Abstract
To address the problem of excessive sulfur in high-sulfur magnetite concentrates when used directly, this study systematically investigated the desulfurization behavior and mechanism during oxidative roasting. Green pellets were prepared by mixing high-sulfur iron concentrate fines with 1% bentonite, followed by roasting experiments in air at 800–1200 °C. Thermogravimetric analysis (TG), real-time flue gas analysis (DOAS), X-ray diffraction (XRD), and scanning electron microscopy–energy dispersive spectroscopy (SEM–EDS) were employed to characterize the process and products. The results show that sulfur release is mainly concentrated in two stages: intensive oxidative decomposition of FeS/FeS2 in the range of 480–580 °C and release of reacted sulfur originally encapsulated within the pellets in the range of 940–1080 °C. It was found that alkali metal oxides CaO and MgO in the feed can fix sulfur at a high temperature. They react with released SO2 and iron oxides to form Ca/Mg sulfate–iron oxide composite phases, such as (Ca0.75Mg0.25)SO4·0.38Fe2O3 and (Ca0.91Mg0.09)SO4·3.66Fe2O3·1.47MgO, which slow the SO2 emission rate. A desulfurization ratio above 99% can be achieved when roasting at 1100 °C and above. This study clarifies the sulfur migration mechanism during the roasting of high-sulfur iron concentrate pellets, providing a theoretical basis for optimizing the roasting process to achieve efficient desulfurization and recovery of iron resources.
1. Introduction
Clean and efficient utilization of iron ore resources is the cornerstone of sustainable development of the iron and steel industry [1]. With the increasing depletion of high-grade iron ore resources, the exploitation of complex and difficult-to-process resources such as high-sulfur iron ores has been growing [2]. The sulfur content in such ores is typically far above ironmaking requirements. Sulfur is one of the most detrimental impurity elements in steels: it not only deteriorates the mechanical properties and causes “hot shortness”, but the SO2 generated by sulfur oxidation during roasting is also a major atmospheric pollutant [3,4]. Therefore, achieving clean and efficient utilization of high-sulfur iron ores and controlling sulfur migration from the source is of great theoretical and practical significance.

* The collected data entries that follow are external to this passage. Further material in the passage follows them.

lemma lprod_regroup:
  assumes "1 \<le> k" "k \<le> length U"
  obtains U' where "length U' = k" "\<And>A C. lprod (A @ U' @ C) = lprod (A @ U @ C)"
proof
  let ?j = "length U - k + 1"
  show "length (lprod (take ?j U) # drop ?j U) = k"
    using assms by simp
  have "take ?j U \<noteq> []" using assms by auto
  then have "lprod (A @ (lprod (take ?j U) # drop ?j U) @ C) = lprod (A @ take ?j U @ drop ?j U @ C)"
    for A C using lprod_group[of "take ?j U" A "drop ?j U @ C"] by simp
  then show "lprod (A @ (lprod (take ?j U) # drop ?j U) @ C) = lprod (A @ U @ C)" for A C
    by (simp only: append_assoc[symmetric] append_take_drop_id)
qed

lemma Hperm_id: "id \<in> Hperm T k"
  by (simp add: Hperm_def satisfies_perm_id_def permutes_id)

lemma Hperm_comp:
  assumes "\<tau> \<in> Hperm T k" "\<rho> \<in> Hperm T k"
  shows "\<tau> \<circ> \<rho> \<in> Hperm T k"
proof -
  have "lprod (map a [1..<k+1]) = lprod (map (a \<circ> (\<tau> \<circ> \<rho>)) [1..<k+1])" for a :: "nat \<Rightarrow> 'a"
    using assms unfolding Hperm_def satisfies_perm_id_def by (simp add: o_assoc)
  with assms show ?thesis
    by (auto simp: Hperm_def satisfies_perm_id_def intro: permutes_compose)
qed

lemma Hperm_inv:
  assumes "\<tau> \<in> Hperm T k"
  shows "inv \<tau> \<in> Hperm T k"
proof -
  have perm: "\<tau> permutes {1..k}" using assms by (simp add: Hperm_def)
  have "lprod (map (a \<circ> inv \<tau>) [1..<k+1]) = lprod (map (a \<circ> inv \<tau> \<circ> \<tau>) [1..<k+1])" for a :: "nat \<Rightarrow> 'a"
    using assms unfolding Hperm_def satisfies_perm_id_def by blast
  then have "lprod (map (a \<circ> inv \<tau>) [1..<k+1]) = lprod (map a [1..<k+1])" for a :: "nat \<Rightarrow> 'a"
    by (simp only: comp_assoc permutes_inv_o(2)[OF perm] comp_id)
  then show ?thesis
    using perm by (simp add: Hperm_def satisfies_perm_id_def permutes_inv)
qed

lemma transpose_in_Hperm:
  assumes "j + 2 \<le> m"
    and swap: "\<And>P a b S. length P = j \<Longrightarrow> length S = m - j - 2 \<Longrightarrow>
      lprod (P @ a # b # S) = lprod (P @ b # a # (S :: 'a::semigroup_mult list))"
  shows "transpose (j + 1) (j + 2) \<in> Hperm (T :: 'a itself) m"
proof -
  let ?t = "transpose (j + 1) (j + 2)"
  have "lprod (map x [1..<m+1]) = lprod (map (x \<circ> ?t) [1..<m+1])" for x :: "nat \<Rightarrow> 'a"
  proof -
    have "[1..<m+1] = [1..<j+1] @ [j+1..<m+1]"
      using assms(1) upt_add_eq_append[of 1 "j+1" "m-j"] by simp
    also have "[j+1..<m+1] = (j+1) # (j+2) # [j+3..<m+1]"
      using assms(1) by (simp add: upt_conv_Cons eval_nat_numeral)
    finally have split: "[1..<m+1] = [1..<j+1] @ (j+1) # (j+2) # [j+3..<m+1]" .
    have fixed: "map (x \<circ> ?t) [1..<j+1] = map x [1..<j+1]"
      "map (x \<circ> ?t) [j+3..<m+1] = map x [j+3..<m+1]"
      by auto
    have "lprod (map x [1..<m+1]) = lprod (map x [1..<j+1] @ x (j+1) # x (j+2) # map x [j+3..<m+1])"
      by (simp only: split list.map map_append)
    also have "\<dots> = lprod (map x [1..<j+1] @ x (j+2) # x (j+1) # map x [j+3..<m+1])"
      using assms(1) by (intro swap) auto
    also have "\<dots> = lprod (map (x \<circ> ?t) [1..<m+1])"
      by (simp only: split list.map map_append fixed comp_apply transpose_apply_first transpose_apply_second)
    finally show ?thesis .
  qed
  moreover have "?t permutes {1..m}"
    using assms(1) by (intro permutes_swap_id) auto
  ultimately show ?thesis
    by (simp add: Hperm_def satisfies_perm_id_def)
qed

lemma adjacent_transpositions_generate_permutes:
  fixes H :: "(nat \<Rightarrow> nat) set"
  assumes id: "id \<in> H" and comp: "\<And>f g. f \<in> H \<Longrightarrow> g \<in> H \<Longrightarrow> f \<circ> g \<in> H"
    and adjacent: "\<And>i. a \<le> i \<Longrightarrow> i < b \<Longrightarrow> transpose i (Suc i) \<in> H"
    and q: "q permutes {a..b}"
  shows "q \<in> H"
proof -
  have far: "transpose i (Suc i + d) \<in> H" if "a \<le> i" "Suc i + d \<le> b" for i d
    using that(2)
  proof (induction d)
    case 0
    then show ?case using adjacent that(1) by simp
  next
    case (Suc d)
    let ?k = "Suc i + d"
    have "transpose ?k (Suc ?k) \<in> H" "transpose i ?k \<in> H"
      using Suc adjacent[of ?k] that(1) by simp_all
    then have "transpose ?k (Suc ?k) \<circ> transpose i ?k \<circ> transpose ?k (Suc ?k) \<in> H"
      using comp by blast
    also have "transpose ?k (Suc ?k) \<circ> transpose i ?k \<circ> transpose ?k (Suc ?k) = transpose i (Suc ?k)"
      by (auto simp: fun_eq_iff transpose_def)
    finally show ?case by simp
  qed
  have ordered: "transpose i j \<in> H" if "a \<le> i" "i < j" "j \<le> b" for i j
    using far[of i "j - Suc i"] that by simp
  have swaps: "transpose i j \<in> H" if "i \<in> {a..b}" "j \<in> {a..b}" for i j
    using ordered[of i j] ordered[of j i] that id
    by (cases i j rule: linorder_cases) (auto simp: transpose_commute)
  from q finite_atLeastAtMost[of a b] show ?thesis
    by (induction rule: permutes_induct) (use id comp swaps in blast)+
qed

lemma Sgen_subset:
  assumes "id \<in> H" "\<And>f g. f \<in> H \<Longrightarrow> g \<in> H \<Longrightarrow> f \<circ> g \<in> H" "\<And>f. f \<in> H \<Longrightarrow> inv f \<in> H"
    and "\<And>q. q permutes {1..a} \<Longrightarrow> q \<in> H" "\<And>q. q permutes {m-b+1..m} \<Longrightarrow> q \<in> H"
  shows "Sgen m a b \<subseteq> H"
proof
  show "f \<in> H" if "f \<in> Sgen m a b" for f
    using that by induction (rule assms; assumption)+
qed

section \<open>Reversal and the opposite semigroup\<close>

datatype 'a opp = Opp (unopp: 'a)

instantiation opp :: (semigroup_mult) semigroup_mult
begin
definition times_opp_def: "x * y = Opp (unopp y * unopp x)"
instance by standard (simp add: times_opp_def mult.assoc)
end

lemma lprod_map_Opp: "xs \<noteq> [] \<Longrightarrow> lprod (map Opp xs) = Opp (lprod (rev xs))"
proof (induction xs rule: lprod.induct)
  case (3 x y xs)
  then show ?case
    using lprod_append[of "rev (y # xs)" "[x]"] by (simp add: times_opp_def)
qed simp_all

definition reflect :: "nat \<Rightarrow> nat \<Rightarrow> nat" where
  "reflect m i = (if i \<in> {1..m} then m + 1 - i else i)"

lemma reflect_reflect [simp]: "reflect m (reflect m i) = i"
  by (auto simp: reflect_def)

lemma reflect_comp_reflect [simp]: "reflect m \<circ> reflect m = id"
  by (simp add: fun_eq_iff)

lemma reflect_image:
  assumes "1 \<le> i" "j \<le> m"
  shows "reflect m ` {i..j} = {m + 1 - j..m + 1 - i}"
proof
  show "{m + 1 - j..m + 1 - i} \<subseteq> reflect m ` {i..j}"
  proof
    fix x assume "x \<in> {m + 1 - j..m + 1 - i}"
    with assms have "m + 1 - x \<in> {i..j}" "x = reflect m (m + 1 - x)"
      by (auto simp: reflect_def)
    then show "x \<in> reflect m ` {i..j}" by blast
  qed
qed (use assms in \<open>auto simp: reflect_def\<close>)

lemma permutes_conj_involution:
  assumes inv: "\<And>x. r (r x) = x" and q: "q permutes S"
  shows "r \<circ> q \<circ> r permutes r ` S"
proof -
  have "bij r" using inv by (intro o_bij[of r]) (auto simp: fun_eq_iff)
  then have "bij (r \<circ> q \<circ> r)" using permutes_bij[OF q] by (intro bij_comp)
  moreover have "(r \<circ> q \<circ> r) x = x" if "x \<notin> r ` S" for x
  proof -
    have "r x \<notin> S" using that inv by (metis image_eqI)
    then show ?thesis using permutes_not_in[OF q] inv by simp
  qed
  ultimately show ?thesis unfolding permutes_def bij_iff by blast
qed

lemma rev_map_upt_reflect: "rev (map f [1..<m+1]) = map (f \<circ> reflect m) [1..<m+1]"
  by (rule nth_equalityI) (auto simp: rev_nth reflect_def Suc_diff_Suc simp del: upt_Suc)

lemma satisfies_perm_id_opp_iff:
  assumes "1 \<le> m"
  shows "satisfies_perm_id TYPE('a opp) m (reflect m \<circ> \<tau> \<circ> reflect m)
    \<longleftrightarrow> satisfies_perm_id TYPE('a::semigroup_mult) m \<tau>"
proof -
  let ?r = "reflect m" and ?U = "[1..<m+1]"
  have Opp_lprod: "lprod (map (Opp \<circ> f) ?U) = Opp (lprod (map (f \<circ> ?r) ?U))" for f :: "nat \<Rightarrow> 'a"
    using assms lprod_map_Opp[of "map f ?U"] unfolding rev_map_upt_reflect by (simp del: upt_Suc)
  have Opp_all: "(\<forall>g :: nat \<Rightarrow> 'a opp. P g) \<longleftrightarrow> (\<forall>f. P (Opp \<circ> f))" for P
  proof
    assume "\<forall>f. P (Opp \<circ> f)"
    then have "P (Opp \<circ> (unopp \<circ> g))" for g by blast
    moreover have "Opp \<circ> (unopp \<circ> g) = g" for g :: "nat \<Rightarrow> 'a opp"
      by (simp add: fun_eq_iff)
    ultimately show "\<forall>g. P g" by simp
  qed simp
  have "satisfies_perm_id TYPE('a opp) m (?r \<circ> \<tau> \<circ> ?r)
      \<longleftrightarrow> (\<forall>f :: nat \<Rightarrow> 'a. lprod (map (Opp \<circ> f) ?U) = lprod (map (Opp \<circ> (f \<circ> ?r \<circ> \<tau> \<circ> ?r)) ?U))"
    unfolding satisfies_perm_id_def Opp_all by (simp only: o_assoc)
  also have "\<dots> \<longleftrightarrow> (\<forall>f :: nat \<Rightarrow> 'a. lprod (map (f \<circ> ?r) ?U) = lprod (map (f \<circ> ?r \<circ> \<tau>) ?U))"
    by (simp only: Opp_lprod opp.inject comp_assoc reflect_comp_reflect comp_id)
  also have "\<dots> \<longleftrightarrow> satisfies_perm_id TYPE('a) m \<tau>"
    unfolding satisfies_perm_id_def
  proof (intro iffI allI)
    fix h :: "nat \<Rightarrow> 'a"
    assume "\<forall>f :: nat \<Rightarrow> 'a. lprod (map (f \<circ> ?r) ?U) = lprod (map (f \<circ> ?r \<circ> \<tau>) ?U)"
    from this[rule_format, of "h \<circ> ?r"]
    show "lprod (map h ?U) = lprod (map (h \<circ> \<tau>) ?U)"
      by (simp add: comp_assoc)
  qed blast
  finally show ?thesis .
qed

lemma Hperm_opp_iff:
  assumes "1 \<le> m"
  shows "reflect m \<circ> \<tau> \<circ> reflect m \<in> Hperm TYPE('a opp) m \<longleftrightarrow> \<tau> \<in> Hperm TYPE('a::semigroup_mult) m"
proof -
  have conj: "reflect m \<circ> q \<circ> reflect m permutes {1..m}" if "q permutes {1..m}" for q
    using permutes_conj_involution[where r = "reflect m", OF reflect_reflect that]
      reflect_image[of 1 m m] by simp
  have "reflect m \<circ> (reflect m \<circ> \<tau> \<circ> reflect m) \<circ> reflect m = \<tau>"
    by (simp add: fun_eq_iff)
  then have "reflect m \<circ> \<tau> \<circ> reflect m permutes {1..m} \<longleftrightarrow> \<tau> permutes {1..m}"
    using conj[of \<tau>] conj[of "reflect m \<circ> \<tau> \<circ> reflect m"] by auto
  then show ?thesis
    using satisfies_perm_id_opp_iff[OF assms, of \<tau>, where 'a = 'a] by (simp add: Hperm_def)
qed

section \<open>Identities moving the first letter\<close>

locale moving_first_identity =
  fixes T :: "'a::semigroup_mult itself" and n :: nat and s :: "nat \<Rightarrow> nat"
  assumes perm: "s permutes {1..n}"
    and moves_first: "s 1 \<noteq> 1"
    and identity: "satisfies_perm_id T n s"
begin

definition first_pos :: nat where
  "first_pos = inv s 1"

lemma first_pos: "s first_pos = 1" "2 \<le> first_pos" "first_pos \<le> n"
proof -
  have "1 \<in> {1..n}"
    using permutes_not_in[OF perm, of 1] moves_first by blast
  then have "first_pos \<in> {1..n}"
    unfolding first_pos_def using permutes_in_image[OF permutes_inv[OF perm]] by blast
  moreover show "s first_pos = 1"
    unfolding first_pos_def using permutes_inverses(1)[OF perm] by simp
  moreover have "first_pos \<noteq> 1"
    using moves_first \<open>s first_pos = 1\<close> by auto
  ultimately show "2 \<le> first_pos" "first_pos \<le> n" by auto
qed

(* If Y is the permuted word x_(s 1) ... x_(s n), then x_1 is its letter at position first_pos
   (counting from 1) and rest Y is x_2 ... x_n. *)
definition rest :: "'a list \<Rightarrow> 'a list" where
  "rest Y = map (\<lambda>k. Y ! (inv s k - 1)) [2..<n+1]"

At present, desulfurization of high-sulfur iron ores mainly relies on two technical routes: pre-desulfurization by beneficiation and pyrometallurgical desulfurization by roasting. Flotation is a widely used beneficiation method for sulfur removal, by optimizing reagent schemes and process parameters, separation between sulfides and iron oxide minerals can be realized [5,6,7]. However, for ores with complex dissemination, especially those in which pyrrhotite has magnetic properties close to magnetite, the sulfur content in the iron concentrate can still remain high after beneficiation, and subsequent pyrometallurgical processing is required for deep desulfurization.

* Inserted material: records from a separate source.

lemma ser_mult_dk_logP:
  assumes P: "ser_deg_le P (int N)" and nz: "\<And>s x t. P (int N) s x t \<noteq> 0"
  shows "ser_mult P (dk_logP N P) = ser_dk P"
proof (rule ser_eqI)
  define Q where "Q = logQ N P"
  define p0 where "p0 = P (int N)"
  have Pd: "P = ser_mult (ser_smul p0 (ser_monom (int N))) (ser_add ser_one Q)"
    unfolding Q_def p0_def by (rule ser_eq_lead_mult_one_plus_logQ[OF P nz])
  have bQ: "ser_bounded Q" unfolding Q_def by simp
  have bL: "ser_bounded (log1p_ser Q)" by (rule ser_boundedI[OF ser_deg_le_log1p_ser])
  have log1p: "ser_mult (ser_add ser_one Q) (ser_dk (log1p_ser Q)) = ser_dk Q"
    unfolding Q_def by (rule dk.one_plus_mult_Der_log1p[OF ser_deg_le_logQ]) simp
  show "ser_bounded (ser_mult P (dk_logP N P))" "ser_bounded (ser_dk P)"
    using ser_boundedI[OF P] by simp_all
  fix s x t
  define kN where "kN = ser_fls (ser_monom (int N)) s x t"
  have monom: "kN * ser_fls (ser_monom (-1)) s x t = ser_fls (ser_monom (int N - 1)) s x t"
    unfolding kN_def using ser_mult_monom[of "int N" "-1"]
    by (metis ser_fls_mult ser_bounded_monom diff_minus_eq_add minus_minus)
  have log1p': "(1 + ser_fls Q s x t) * ser_fls (ser_dk (log1p_ser Q)) s x t = ser_fls (ser_dk Q) s x t"
    using arg_cong[OF log1p, of "\<lambda>a. ser_fls a s x t"] bQ bL by simp
  have "ser_fls (ser_mult P (dk_logP N P)) s x t
      = fls_const (p0 s x t) * kN * (1 + ser_fls Q s x t) *
        (fls_const (real N) * ser_fls (ser_monom (-1)) s x t + ser_fls (ser_dk (log1p_ser Q)) s x t)"
    unfolding dk_logP_eq Q_def[symmetric] kN_def by (subst Pd) (use bQ bL in \<open>simp del: ser_fls_dk\<close>)
  also have "\<dots> = fls_const (p0 s x t) * fls_const (real N) * (kN * ser_fls (ser_monom (-1)) s x t)
        * (1 + ser_fls Q s x t)
      + fls_const (p0 s x t) * kN * ((1 + ser_fls Q s x t) * ser_fls (ser_dk (log1p_ser Q)) s x t)"
    by (simp add: algebra_simps del: fls_const_mult_const)
  also have "\<dots> = ser_fls (ser_dk P) s x t"
    unfolding monom log1p' unfolding kN_def
    by (subst Pd) (use bQ in \<open>simp add: ser_dk_mult ser_dk_smul ser_dk_add ser_dk_one ser_dk_monom
        del: ser_fls_dk\<close>)
  finally show "ser_fls (ser_mult P (dk_logP N P)) s x t = ser_fls (ser_dk P) s x t" .
qed

context coord_deriv begin

lemma ser_diffble_logQ:
  assumes "ser_diffble P" "\<And>s x t. P (int N) s x t \<noteq> 0"
  shows "ser_diffble (logQ N P)"
  unfolding ser_diffble_def
proof
  fix j
  have e: "logQ N P j = (if j < 0 then (\<lambda>s x t. P (int N + j) s x t / P (int N) s x t) else (\<lambda>s x t. 0))"
    by (auto simp: logQ_def)
  show "diffble (logQ N P j)"
    unfolding e using assms by (auto intro!: has_D_diffble[OF has_D_divide] ser_diffble_has_D diffble_const)
qed

lemma ser_diffble_log1p_ser:
  assumes "ser_bounded Q" "ser_diffble Q"
  shows "ser_diffble (log1p_ser Q)"
  unfolding ser_diffble_def
proof
  fix n
  have e: "log1p_ser Q n
      = (if n < 0 then (\<lambda>s x t. \<Sum>j\<in>{1..nat (- n)}. (-1) ^ (j + 1) / real j * ser_pow Q j n s x t)
      else (\<lambda>s x t. 0))"
    by (auto simp: log1p_ser_def)
  show "diffble (log1p_ser Q n)"
  proof (cases "n < 0")
    case True
    have "has_D (\<lambda>s x t. \<Sum>j\<in>{1..nat (- n)}. (-1) ^ (j + 1) / real j * ser_pow Q j n s x t)
               (\<lambda>s x t. \<Sum>j\<in>{1..nat (- n)}. (-1) ^ (j + 1) / real j * ser_D (ser_pow Q j) n s x t)"
      by (rule has_D_sum) (simp, rule has_D_cmult, rule ser_diffble_has_D, rule ser_diffble_pow[OF assms])
    from has_D_diffble[OF this] show ?thesis unfolding e using True by simp
  next
    case False thus ?thesis unfolding e by (simp add: diffble_const)
  qed
qed

lemma
  assumes nz: "\<And>s x t. P (int N) s x t \<noteq> 0" and sP: "ser_diffble P"
  shows ser_diffble_logP: "ser_diffble (logP_ser N P)"
    and ser_D_logP: "ser_D (logP_ser N P) =
      ser_add (ser_const (\<lambda>s x t. D (P (int N)) s x t / P (int N) s x t)) (ser_D (log1p_ser (logQ N P)))"
proof -
  have hl: "has_D (\<lambda>s x t. ln \<bar>P (int N) s x t\<bar>) (\<lambda>s x t. D (P (int N)) s x t / P (int N) s x t)"
    using sP by (intro has_D_ln_abs[OF diffble_has_D nz]) (simp add: ser_diffble_def)
  have sL: "ser_diffble (log1p_ser (logQ N P))"
    by (rule ser_diffble_log1p_ser[OF ser_bounded_logQ ser_diffble_logQ[OF sP nz]])
  show "ser_diffble (logP_ser N P)"
    unfolding logP_ser_eq using sL has_D_diffble[OF hl] by simp
  show "ser_D (logP_ser N P) = ser_add (ser_const (\<lambda>s x t. D (P (int N)) s x t / P (int N) s x t))
                                        (ser_D (log1p_ser (logQ N P)))"
    unfolding logP_ser_eq using sL has_D_diffble[OF hl]
      by (simp add: ser_D_add ser_D_const has_D_imp_D[OF hl])
qed

lemma ser_mult_ser_D_logP:
  assumes P: "ser_deg_le P (int N)" and nz: "\<And>s x t. P (int N) s x t \<noteq> 0" and sP: "ser_diffble P"
  shows "ser_mult P (ser_D (logP_ser N P)) = ser_D P"
proof (rule ser_eqI)
  define Q where "Q = logQ N P"
  define p0 where "p0 = P (int N)"
  have Pd: "P = ser_mult (ser_smul p0 (ser_monom (int N))) (ser_add ser_one Q)"
    unfolding Q_def p0_def by (rule ser_eq_lead_mult_one_plus_logQ[OF P nz])
  have bQ: "ser_bounded Q" and sQ: "ser_diffble Q"
    unfolding Q_def by (simp, rule ser_diffble_logQ[OF sP nz])
  have bL: "ser_bounded (log1p_ser Q)" by (rule ser_boundedI[OF ser_deg_le_log1p_ser])
  have dp: "diffble p0" using sP unfolding p0_def ser_diffble_def by blast
  have log1p: "ser_mult (ser_add ser_one Q) (ser_D (log1p_ser Q)) = ser_D Q"
    unfolding Q_def by (rule sder.one_plus_mult_Der_log1p[OF ser_deg_le_logQ ser_diffble_logQ[OF sP nz]])
  show "ser_bounded (ser_mult P (ser_D (logP_ser N P)))" "ser_bounded (ser_D P)"
    using ser_boundedI[OF P] by simp_all
  fix s x t
  have log1p': "(1 + ser_fls Q s x t) * ser_fls (ser_D (log1p_ser Q)) s x t = ser_fls (ser_D Q) s x t"
    using arg_cong[OF log1p, of "\<lambda>a. ser_fls a s x t"] bQ bL by simp
  have p0: "fls_const (p0 s x t) * fls_const (D p0 s x t / p0 s x t) = fls_const (D p0 s x t)"
    using nz[of s x t] by (simp add: p0_def)
  define kN where "kN = ser_fls (ser_monom (int N)) s x t"
  have "ser_fls (ser_mult P (ser_D (logP_ser N P))) s x t
      = fls_const (p0 s x t) * kN * (1 + ser_fls Q s x t) *
        (fls_const (D p0 s x t / p0 s x t) + ser_fls (ser_D (log1p_ser Q)) s x t)"
    unfolding ser_D_logP[OF nz sP] p0_def[symmetric] Q_def[symmetric] kN_def
    by (subst Pd) (use bQ bL in simp)
  also have "\<dots> = (fls_const (p0 s x t) * fls_const (D p0 s x t / p0 s x t)) * kN * (1 + ser_fls Q s x t)
      + fls_const (p0 s x t) * kN * ((1 + ser_fls Q s x t) * ser_fls (ser_D (log1p_ser Q)) s x t)"
    by (simp add: algebra_simps del: fls_const_mult_const)
  also have "\<dots> = ser_fls (ser_D P) s x t"
    unfolding p0 log1p' unfolding kN_def by (subst Pd) (use bQ sQ dp in \<open>simp add: ser_D_mult ser_D_smul ser_D_monom
        ser_D_add ser_D_one algebra_simps\<close>)
  finally show "ser_fls (ser_mult P (ser_D (logP_ser N P))) s x t = ser_fls (ser_D P) s x t" .
qed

Because the oxidative roasting of pellets provides longer material residence time and controllable operating conditions, it is an ideal process for treating high-sulfur iron ores and achieving synergy between consolidation and desulfurization [8,9]. The principle of oxidative desulfurization is to convert metal sulfides into oxides and SO2 gas under high-temperature oxidizing atmospheres. Considerable studies have been carried out on the oxidation kinetics and thermodynamics of single sulfide minerals such as pyrite and pyrrhotite [10,11,12,13,14]. However, high-sulfur iron concentrates constitute a complex mineral system. Besides major iron minerals and a small amount of sulfides, they often contain gangue components such as CaO, MgO, and SiO2. During roasting, these gangue components are not inert; at high temperatures they interact with the desulfurization product SO2, thereby altering sulfur migration pathways and final occurrence states [15,16]. For example, alkali metal oxides (CaO and MgO) have strong chemical adsorption and fixation capability for SO2 and can form stable sulfates [17]. Ma et al. systematically showed that during pellet oxidation, FeS2 transforms through sulfate intermediates and the released SO2 is readily captured by alkaline components to form stable sulfates (CaSO4 and MgSO4) [18]. Existing studies mostly focus on overall “desulfurization degree” and sulfur release kinetics [19,20]. Systematic understanding is still insufficient regarding how sulfur competes and distributes between release and fixation by alkaline gangue components in a complex iron ore system, particularly during pellet roasting as well as the composition, structure, and stability of the resulting solid sulfur-fixation products.
Accordingly, this study uses high-sulfur iron concentrate pellets as the research object. Through oxidative roasting experiments, we aim to clarify the stage-wise sulfur release behavior during oxidative roasting of high-sulfur iron concentrate pellets and to reveal the sulfur-fixation mechanism of gangue components, especially CaO and MgO within specific temperature ranges and the microstructural characteristics of the composite products formed, thereby identifying optimized conditions for deep desulfurization. This work provides theoretical guidance and data support for precise control and efficient desulfurization in pellet roasting of high-sulfur iron ores.
2. Materials and Methods
2.1. Raw Materials
The chemical composition of the high-sulfur iron concentrate fines is shown in Table 1. After magnetic separation, the T.Fe and S contents of the concentrate are 63% and 3.46%, respectively. The sulfur content is far above the requirement for iron concentrates, and the material belongs to a high-sulfur magnetite concentrate. Iron mainly exists as iron oxides (Fe3O4 and Fe2O3), and sulfur exists as iron sulfides, namely pyrite (FeS2) and pyrrhotite (FeS). The concentrate also contains gangue and other impurities, non-target mineral phases associated with the valuable minerals. The main gangue components are MgO and SiO2, with additional CaO and Al2O3.
Table 1.
Chemical composition of high-sulfur iron concentrate fines (%).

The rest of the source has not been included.